Whatever appears in the entries must be given again exactly.

= = = = = = =

(* A graph $G$ is a pseudo-cograph if and only if every induced subgraph of $G$ is a pseudo-cograph.
   Context: Graphs finite, simple, undirected; $G-v$ is $G$ with $v$ deleted; the join of vertex-disjoint graphs adds all edges between them to the disjoint union; a cograph is a graph without induced $P_4$. $G$ is a pseudo-cograph if $|V(G)|\le2$ or there are induced subgraphs $G_1,G_2$ of $G$ and $v\in V(G)$ with (F1) $V(G)=V(G_1)\cup V(G_2)$, $V(G_1)\cap V(G_2)=\{v\}$, $|V(G_1)|,|V(G_2)|>1$; (F2) $G_1,G_2$ are cographs; (F3) $G-v$ is the join or the disjoint union of $G_1-v$ and $G_2-v$. *)

theory Defs
  imports Main
begin

text \<open>The induced
subgraph on W \<subseteq> V is (W, E): E is only ever consulted on vertices of W.\<close>

definition graph :: "'a set \<Rightarrow> ('a \<Rightarrow> 'a \<Rightarrow> bool) \<Rightarrow> bool" where
  "graph V E \<longleftrightarrow> finite V \<and> (\<forall>x\<in>V. \<forall>y\<in>V. E x y \<longleftrightarrow> E y x) \<and> (\<forall>x\<in>V. \<not> E x x)"

definition cograph :: "'a set \<Rightarrow> ('a \<Rightarrow> 'a \<Rightarrow> bool) \<Rightarrow> bool" where
  "cograph V E \<longleftrightarrow> \<not> (\<exists>a\<in>V. \<exists>b\<in>V. \<exists>c\<in>V. \<exists>d\<in>V. distinct [a, b, c, d] \<and>
      E a b \<and> E b c \<and> E c d \<and> \<not> E a c \<and> \<not> E b d \<and> \<not> E a d)"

= = = = = = =

Worked solution:
(* A graph $G$ is a pseudo-cograph if and only if every induced subgraph of $G$ is a pseudo-cograph.
   Context: Graphs finite, simple, undirected; $G-v$ is $G$ with $v$ deleted; the join of vertex-disjoint graphs adds all edges between them to the disjoint union; a cograph is a graph without induced $P_4$. $G$ is a pseudo-cograph if $|V(G)|\le2$ or there are induced subgraphs $G_1,G_2$ of $G$ and $v\in V(G)$ with (F1) $V(G)=V(G_1)\cup V(G_2)$, $V(G_1)\cap V(G_2)=\{v\}$, $|V(G_1)|,|V(G_2)|>1$; (F2) $G_1,G_2$ are cographs; (F3) $G-v$ is the join or the disjoint union of $G_1-v$ and $G_2-v$. *)

theory Defs
  imports Main
begin

text \<open>The induced
subgraph on W \<subseteq> V is (W, E): E is only ever consulted on vertices of W.\<close>

definition graph :: "'a set \<Rightarrow> ('a \<Rightarrow> 'a \<Rightarrow> bool) \<Rightarrow> bool" where
  "graph V E \<longleftrightarrow> finite V \<and> (\<forall>x\<in>V. \<forall>y\<in>V. E x y \<longleftrightarrow> E y x) \<and> (\<forall>x\<in>V. \<not> E x x)"

definition cograph :: "'a set \<Rightarrow> ('a \<Rightarrow> 'a \<Rightarrow> bool) \<Rightarrow> bool" where
  "cograph V E \<longleftrightarrow> \<not> (\<exists>a\<in>V. \<exists>b\<in>V. \<exists>c\<in>V. \<exists>d\<in>V. distinct [a, b, c, d] \<and>
      E a b \<and> E b c \<and> E c d \<and> \<not> E a c \<and> \<not> E b d \<and> \<not> E a d)"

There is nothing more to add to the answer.